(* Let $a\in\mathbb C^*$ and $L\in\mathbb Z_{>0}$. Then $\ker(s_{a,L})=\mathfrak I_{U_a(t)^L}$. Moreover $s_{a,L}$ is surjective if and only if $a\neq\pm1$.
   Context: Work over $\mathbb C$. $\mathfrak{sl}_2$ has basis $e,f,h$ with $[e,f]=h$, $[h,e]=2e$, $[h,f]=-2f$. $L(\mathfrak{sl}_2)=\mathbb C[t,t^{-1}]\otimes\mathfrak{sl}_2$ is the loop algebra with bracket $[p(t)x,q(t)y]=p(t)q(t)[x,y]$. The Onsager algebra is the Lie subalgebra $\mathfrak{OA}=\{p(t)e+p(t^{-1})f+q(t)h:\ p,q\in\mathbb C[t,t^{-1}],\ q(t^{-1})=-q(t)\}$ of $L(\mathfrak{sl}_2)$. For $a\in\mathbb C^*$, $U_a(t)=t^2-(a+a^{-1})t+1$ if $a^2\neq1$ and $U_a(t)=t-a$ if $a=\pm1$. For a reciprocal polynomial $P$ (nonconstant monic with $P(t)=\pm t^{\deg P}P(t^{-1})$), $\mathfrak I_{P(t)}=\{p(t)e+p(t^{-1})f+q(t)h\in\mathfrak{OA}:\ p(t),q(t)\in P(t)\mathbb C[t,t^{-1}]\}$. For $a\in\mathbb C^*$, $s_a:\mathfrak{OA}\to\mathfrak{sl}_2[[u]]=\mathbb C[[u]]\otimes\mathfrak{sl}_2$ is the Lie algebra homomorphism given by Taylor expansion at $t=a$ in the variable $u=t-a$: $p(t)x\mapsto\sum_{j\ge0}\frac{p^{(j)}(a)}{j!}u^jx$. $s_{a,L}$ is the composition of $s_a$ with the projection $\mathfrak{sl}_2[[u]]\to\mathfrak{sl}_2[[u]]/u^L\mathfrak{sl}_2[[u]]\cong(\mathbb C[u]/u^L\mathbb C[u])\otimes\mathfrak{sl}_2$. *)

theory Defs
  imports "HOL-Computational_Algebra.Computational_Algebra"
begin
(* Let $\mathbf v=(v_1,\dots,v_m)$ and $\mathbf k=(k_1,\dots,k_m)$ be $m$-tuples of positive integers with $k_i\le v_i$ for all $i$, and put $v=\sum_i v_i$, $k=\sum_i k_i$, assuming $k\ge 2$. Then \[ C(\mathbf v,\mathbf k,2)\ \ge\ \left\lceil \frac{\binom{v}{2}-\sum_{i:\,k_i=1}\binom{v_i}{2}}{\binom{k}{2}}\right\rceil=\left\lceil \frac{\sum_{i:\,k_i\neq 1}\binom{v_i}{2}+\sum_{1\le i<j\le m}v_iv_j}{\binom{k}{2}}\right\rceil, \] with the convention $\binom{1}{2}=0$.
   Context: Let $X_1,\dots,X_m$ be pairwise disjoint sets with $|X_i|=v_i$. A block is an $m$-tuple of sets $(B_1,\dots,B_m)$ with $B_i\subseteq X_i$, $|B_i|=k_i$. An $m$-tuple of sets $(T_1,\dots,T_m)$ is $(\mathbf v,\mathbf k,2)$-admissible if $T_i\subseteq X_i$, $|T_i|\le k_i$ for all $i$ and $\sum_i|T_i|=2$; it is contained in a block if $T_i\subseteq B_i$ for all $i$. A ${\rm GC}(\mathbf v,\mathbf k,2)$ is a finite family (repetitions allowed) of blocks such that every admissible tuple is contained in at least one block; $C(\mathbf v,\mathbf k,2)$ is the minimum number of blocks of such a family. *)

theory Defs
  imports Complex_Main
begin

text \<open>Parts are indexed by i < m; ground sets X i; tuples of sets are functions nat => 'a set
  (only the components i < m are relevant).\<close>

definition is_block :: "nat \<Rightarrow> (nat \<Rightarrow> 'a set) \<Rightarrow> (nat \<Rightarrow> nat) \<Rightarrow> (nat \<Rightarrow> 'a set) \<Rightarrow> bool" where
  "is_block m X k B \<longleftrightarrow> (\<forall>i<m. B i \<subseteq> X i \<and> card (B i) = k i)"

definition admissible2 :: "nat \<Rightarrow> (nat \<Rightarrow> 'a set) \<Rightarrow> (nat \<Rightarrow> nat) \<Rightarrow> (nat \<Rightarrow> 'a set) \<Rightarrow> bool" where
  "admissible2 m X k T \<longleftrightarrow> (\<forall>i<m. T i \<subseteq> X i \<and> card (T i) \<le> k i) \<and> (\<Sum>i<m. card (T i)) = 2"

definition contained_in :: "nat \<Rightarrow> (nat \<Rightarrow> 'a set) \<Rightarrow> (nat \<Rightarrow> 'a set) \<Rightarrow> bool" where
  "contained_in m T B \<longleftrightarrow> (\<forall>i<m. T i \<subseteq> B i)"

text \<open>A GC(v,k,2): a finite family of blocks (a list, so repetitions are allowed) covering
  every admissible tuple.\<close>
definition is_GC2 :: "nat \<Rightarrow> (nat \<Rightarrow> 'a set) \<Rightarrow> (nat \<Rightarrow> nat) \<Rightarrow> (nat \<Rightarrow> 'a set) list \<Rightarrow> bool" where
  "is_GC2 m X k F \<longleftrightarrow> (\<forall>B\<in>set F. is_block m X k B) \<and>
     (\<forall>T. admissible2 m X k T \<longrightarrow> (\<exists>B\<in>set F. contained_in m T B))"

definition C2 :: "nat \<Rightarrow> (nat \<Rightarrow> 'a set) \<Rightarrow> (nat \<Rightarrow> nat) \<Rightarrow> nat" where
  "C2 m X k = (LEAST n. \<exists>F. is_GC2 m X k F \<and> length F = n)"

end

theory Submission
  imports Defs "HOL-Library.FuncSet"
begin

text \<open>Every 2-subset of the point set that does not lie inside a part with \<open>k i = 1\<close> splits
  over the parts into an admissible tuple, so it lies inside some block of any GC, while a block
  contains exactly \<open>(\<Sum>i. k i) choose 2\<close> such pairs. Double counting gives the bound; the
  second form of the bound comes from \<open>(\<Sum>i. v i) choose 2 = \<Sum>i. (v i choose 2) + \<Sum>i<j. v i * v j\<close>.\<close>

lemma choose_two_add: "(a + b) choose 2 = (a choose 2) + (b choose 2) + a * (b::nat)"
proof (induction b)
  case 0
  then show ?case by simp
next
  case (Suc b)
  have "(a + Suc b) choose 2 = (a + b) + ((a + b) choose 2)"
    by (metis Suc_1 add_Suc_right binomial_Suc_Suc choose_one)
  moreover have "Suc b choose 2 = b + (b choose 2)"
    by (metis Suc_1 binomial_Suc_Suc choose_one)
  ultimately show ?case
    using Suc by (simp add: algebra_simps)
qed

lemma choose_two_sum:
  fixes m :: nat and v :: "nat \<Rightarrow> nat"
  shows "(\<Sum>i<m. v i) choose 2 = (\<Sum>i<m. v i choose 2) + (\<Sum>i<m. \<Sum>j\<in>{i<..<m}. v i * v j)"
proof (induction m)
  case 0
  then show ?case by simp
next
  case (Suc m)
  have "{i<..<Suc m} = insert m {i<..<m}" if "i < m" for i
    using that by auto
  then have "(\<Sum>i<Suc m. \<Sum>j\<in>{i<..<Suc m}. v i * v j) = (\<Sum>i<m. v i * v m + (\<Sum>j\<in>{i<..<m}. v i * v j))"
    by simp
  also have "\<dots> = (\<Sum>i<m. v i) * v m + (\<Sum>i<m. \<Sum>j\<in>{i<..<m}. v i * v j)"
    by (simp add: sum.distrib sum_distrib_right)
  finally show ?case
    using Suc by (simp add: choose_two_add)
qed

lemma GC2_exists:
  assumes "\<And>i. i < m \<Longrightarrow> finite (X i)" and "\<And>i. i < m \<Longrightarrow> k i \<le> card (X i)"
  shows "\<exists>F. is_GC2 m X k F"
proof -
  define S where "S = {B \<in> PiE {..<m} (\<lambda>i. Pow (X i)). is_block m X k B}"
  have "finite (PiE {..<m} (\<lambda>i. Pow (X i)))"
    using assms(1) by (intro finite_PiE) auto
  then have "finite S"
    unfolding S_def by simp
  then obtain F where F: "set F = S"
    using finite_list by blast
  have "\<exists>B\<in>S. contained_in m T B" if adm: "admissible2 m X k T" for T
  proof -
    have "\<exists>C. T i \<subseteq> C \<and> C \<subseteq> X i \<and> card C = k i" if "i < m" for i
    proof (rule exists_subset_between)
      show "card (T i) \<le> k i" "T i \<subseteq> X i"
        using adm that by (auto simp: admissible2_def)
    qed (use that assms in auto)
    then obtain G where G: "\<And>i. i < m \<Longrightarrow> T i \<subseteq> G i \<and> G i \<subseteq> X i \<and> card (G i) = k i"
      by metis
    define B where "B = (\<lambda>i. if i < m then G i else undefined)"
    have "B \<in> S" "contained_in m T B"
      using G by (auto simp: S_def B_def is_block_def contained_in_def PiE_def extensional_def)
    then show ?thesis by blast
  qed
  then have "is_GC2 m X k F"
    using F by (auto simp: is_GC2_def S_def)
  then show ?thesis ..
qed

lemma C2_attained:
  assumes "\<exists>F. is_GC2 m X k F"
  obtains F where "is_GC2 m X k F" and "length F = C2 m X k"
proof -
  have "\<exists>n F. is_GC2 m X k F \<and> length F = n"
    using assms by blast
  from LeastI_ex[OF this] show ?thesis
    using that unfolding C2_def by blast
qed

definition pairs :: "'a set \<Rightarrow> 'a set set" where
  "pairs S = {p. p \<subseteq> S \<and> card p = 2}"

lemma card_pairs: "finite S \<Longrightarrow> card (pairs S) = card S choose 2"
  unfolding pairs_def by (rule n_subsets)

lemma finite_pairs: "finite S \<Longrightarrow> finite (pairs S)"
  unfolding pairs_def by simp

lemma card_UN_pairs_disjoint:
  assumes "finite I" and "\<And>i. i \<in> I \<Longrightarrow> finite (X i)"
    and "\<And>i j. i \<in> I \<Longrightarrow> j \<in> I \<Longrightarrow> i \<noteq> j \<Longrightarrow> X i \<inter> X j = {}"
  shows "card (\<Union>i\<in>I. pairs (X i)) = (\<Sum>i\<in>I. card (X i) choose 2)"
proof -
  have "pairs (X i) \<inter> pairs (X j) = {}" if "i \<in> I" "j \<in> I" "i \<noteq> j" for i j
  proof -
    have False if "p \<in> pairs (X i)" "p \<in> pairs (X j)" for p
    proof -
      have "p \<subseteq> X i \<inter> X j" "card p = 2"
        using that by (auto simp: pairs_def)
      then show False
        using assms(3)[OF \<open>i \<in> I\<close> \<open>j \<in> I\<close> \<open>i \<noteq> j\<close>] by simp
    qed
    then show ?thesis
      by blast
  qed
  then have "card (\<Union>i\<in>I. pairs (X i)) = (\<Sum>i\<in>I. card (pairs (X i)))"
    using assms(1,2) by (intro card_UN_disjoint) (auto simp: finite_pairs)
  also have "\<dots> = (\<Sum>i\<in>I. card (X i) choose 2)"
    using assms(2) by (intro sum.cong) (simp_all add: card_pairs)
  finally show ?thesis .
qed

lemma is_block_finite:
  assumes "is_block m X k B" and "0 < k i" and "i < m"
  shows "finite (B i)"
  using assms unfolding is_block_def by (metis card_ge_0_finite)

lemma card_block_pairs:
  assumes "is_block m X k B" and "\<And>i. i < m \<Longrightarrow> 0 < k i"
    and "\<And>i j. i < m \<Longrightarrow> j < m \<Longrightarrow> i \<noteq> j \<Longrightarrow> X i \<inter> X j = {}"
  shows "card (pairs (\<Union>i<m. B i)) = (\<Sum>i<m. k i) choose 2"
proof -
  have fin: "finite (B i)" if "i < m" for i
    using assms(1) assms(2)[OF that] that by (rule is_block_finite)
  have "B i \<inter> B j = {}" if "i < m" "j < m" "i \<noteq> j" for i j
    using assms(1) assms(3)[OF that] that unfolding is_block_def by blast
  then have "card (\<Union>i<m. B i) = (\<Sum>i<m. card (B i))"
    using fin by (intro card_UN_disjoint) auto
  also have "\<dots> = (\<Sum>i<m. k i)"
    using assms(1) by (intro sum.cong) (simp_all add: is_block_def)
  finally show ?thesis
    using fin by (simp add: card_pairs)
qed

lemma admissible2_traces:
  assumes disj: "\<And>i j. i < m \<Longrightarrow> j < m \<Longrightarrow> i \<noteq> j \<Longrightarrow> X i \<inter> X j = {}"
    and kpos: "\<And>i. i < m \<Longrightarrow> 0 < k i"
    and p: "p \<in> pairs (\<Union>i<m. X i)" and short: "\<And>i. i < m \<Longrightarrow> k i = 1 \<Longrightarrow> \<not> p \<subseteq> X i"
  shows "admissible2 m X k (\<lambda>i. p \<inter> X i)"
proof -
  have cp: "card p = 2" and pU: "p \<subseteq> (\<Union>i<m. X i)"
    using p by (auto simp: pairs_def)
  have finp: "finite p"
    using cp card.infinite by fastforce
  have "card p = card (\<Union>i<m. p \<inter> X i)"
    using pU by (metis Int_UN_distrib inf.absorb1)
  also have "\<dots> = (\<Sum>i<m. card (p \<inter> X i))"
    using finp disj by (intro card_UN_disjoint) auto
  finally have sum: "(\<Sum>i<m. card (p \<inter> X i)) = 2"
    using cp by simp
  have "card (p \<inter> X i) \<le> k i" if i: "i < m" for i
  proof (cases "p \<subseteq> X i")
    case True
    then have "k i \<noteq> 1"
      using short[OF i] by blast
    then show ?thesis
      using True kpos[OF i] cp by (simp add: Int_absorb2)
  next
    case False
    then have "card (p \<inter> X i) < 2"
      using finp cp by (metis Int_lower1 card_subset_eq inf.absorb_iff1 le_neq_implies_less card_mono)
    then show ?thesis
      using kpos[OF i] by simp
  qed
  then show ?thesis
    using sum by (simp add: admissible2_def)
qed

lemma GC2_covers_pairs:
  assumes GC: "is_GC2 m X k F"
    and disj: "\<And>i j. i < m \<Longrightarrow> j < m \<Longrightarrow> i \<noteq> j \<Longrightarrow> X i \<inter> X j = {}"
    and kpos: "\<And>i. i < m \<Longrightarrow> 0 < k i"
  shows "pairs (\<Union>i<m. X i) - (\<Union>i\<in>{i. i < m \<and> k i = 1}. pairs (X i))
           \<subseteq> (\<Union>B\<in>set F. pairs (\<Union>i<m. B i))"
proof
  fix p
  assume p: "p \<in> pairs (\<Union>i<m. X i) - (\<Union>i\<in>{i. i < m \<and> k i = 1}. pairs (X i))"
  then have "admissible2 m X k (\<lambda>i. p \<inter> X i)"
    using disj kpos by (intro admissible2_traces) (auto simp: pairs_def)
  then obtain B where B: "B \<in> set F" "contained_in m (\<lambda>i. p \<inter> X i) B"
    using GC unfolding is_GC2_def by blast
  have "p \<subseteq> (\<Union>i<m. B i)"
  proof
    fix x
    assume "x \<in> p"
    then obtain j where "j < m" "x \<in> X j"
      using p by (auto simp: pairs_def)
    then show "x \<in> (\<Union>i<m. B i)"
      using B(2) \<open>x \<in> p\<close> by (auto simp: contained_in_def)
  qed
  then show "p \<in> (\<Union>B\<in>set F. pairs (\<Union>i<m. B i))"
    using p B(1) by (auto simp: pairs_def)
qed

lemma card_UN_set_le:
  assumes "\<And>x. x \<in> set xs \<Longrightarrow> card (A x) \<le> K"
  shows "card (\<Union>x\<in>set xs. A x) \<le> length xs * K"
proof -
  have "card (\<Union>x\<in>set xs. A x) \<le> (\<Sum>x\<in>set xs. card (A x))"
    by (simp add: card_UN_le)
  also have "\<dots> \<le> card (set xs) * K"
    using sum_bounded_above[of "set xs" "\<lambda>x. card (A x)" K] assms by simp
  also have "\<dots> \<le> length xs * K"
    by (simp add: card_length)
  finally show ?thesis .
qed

____

■ **WHAT THE TASK ASKS**:
Starting from the first line of the records above, retype each line exactly up to and including the one that contains "(* Let $\mathbf", and nothing more.

■ **TASK OUTPUT**:
(* Let $a\in\mathbb C^*$ and $L\in\mathbb Z_{>0}$. Then $\ker(s_{a,L})=\mathfrak I_{U_a(t)^L}$. Moreover $s_{a,L}$ is surjective if and only if $a\neq\pm1$.
   Context: Work over $\mathbb C$. $\mathfrak{sl}_2$ has basis $e,f,h$ with $[e,f]=h$, $[h,e]=2e$, $[h,f]=-2f$. $L(\mathfrak{sl}_2)=\mathbb C[t,t^{-1}]\otimes\mathfrak{sl}_2$ is the loop algebra with bracket $[p(t)x,q(t)y]=p(t)q(t)[x,y]$. The Onsager algebra is the Lie subalgebra $\mathfrak{OA}=\{p(t)e+p(t^{-1})f+q(t)h:\ p,q\in\mathbb C[t,t^{-1}],\ q(t^{-1})=-q(t)\}$ of $L(\mathfrak{sl}_2)$. For $a\in\mathbb C^*$, $U_a(t)=t^2-(a+a^{-1})t+1$ if $a^2\neq1$ and $U_a(t)=t-a$ if $a=\pm1$. For a reciprocal polynomial $P$ (nonconstant monic with $P(t)=\pm t^{\deg P}P(t^{-1})$), $\mathfrak I_{P(t)}=\{p(t)e+p(t^{-1})f+q(t)h\in\mathfrak{OA}:\ p(t),q(t)\in P(t)\mathbb C[t,t^{-1}]\}$. For $a\in\mathbb C^*$, $s_a:\mathfrak{OA}\to\mathfrak{sl}_2[[u]]=\mathbb C[[u]]\otimes\mathfrak{sl}_2$ is the Lie algebra homomorphism given by Taylor expansion at $t=a$ in the variable $u=t-a$: $p(t)x\mapsto\sum_{j\ge0}\frac{p^{(j)}(a)}{j!}u^jx$. $s_{a,L}$ is the composition of $s_a$ with the projection $\mathfrak{sl}_2[[u]]\to\mathfrak{sl}_2[[u]]/u^L\mathfrak{sl}_2[[u]]\cong(\mathbb C[u]/u^L\mathbb C[u])\otimes\mathfrak{sl}_2$. *)

theory Defs
  imports "HOL-Computational_Algebra.Computational_Algebra"
begin
(* Let $\mathbf v=(v_1,\dots,v_m)$ and $\mathbf k=(k_1,\dots,k_m)$ be $m$-tuples of positive integers with $k_i\le v_i$ for all $i$, and put $v=\sum_i v_i$, $k=\sum_i k_i$, assuming $k\ge 2$. Then \[ C(\mathbf v,\mathbf k,2)\ \ge\ \left\lceil \frac{\binom{v}{2}-\sum_{i:\,k_i=1}\binom{v_i}{2}}{\binom{k}{2}}\right\rceil=\left\lceil \frac{\sum_{i:\,k_i\neq 1}\binom{v_i}{2}+\sum_{1\le i<j\le m}v_iv_j}{\binom{k}{2}}\right\rceil, \] with the convention $\binom{1}{2}=0$.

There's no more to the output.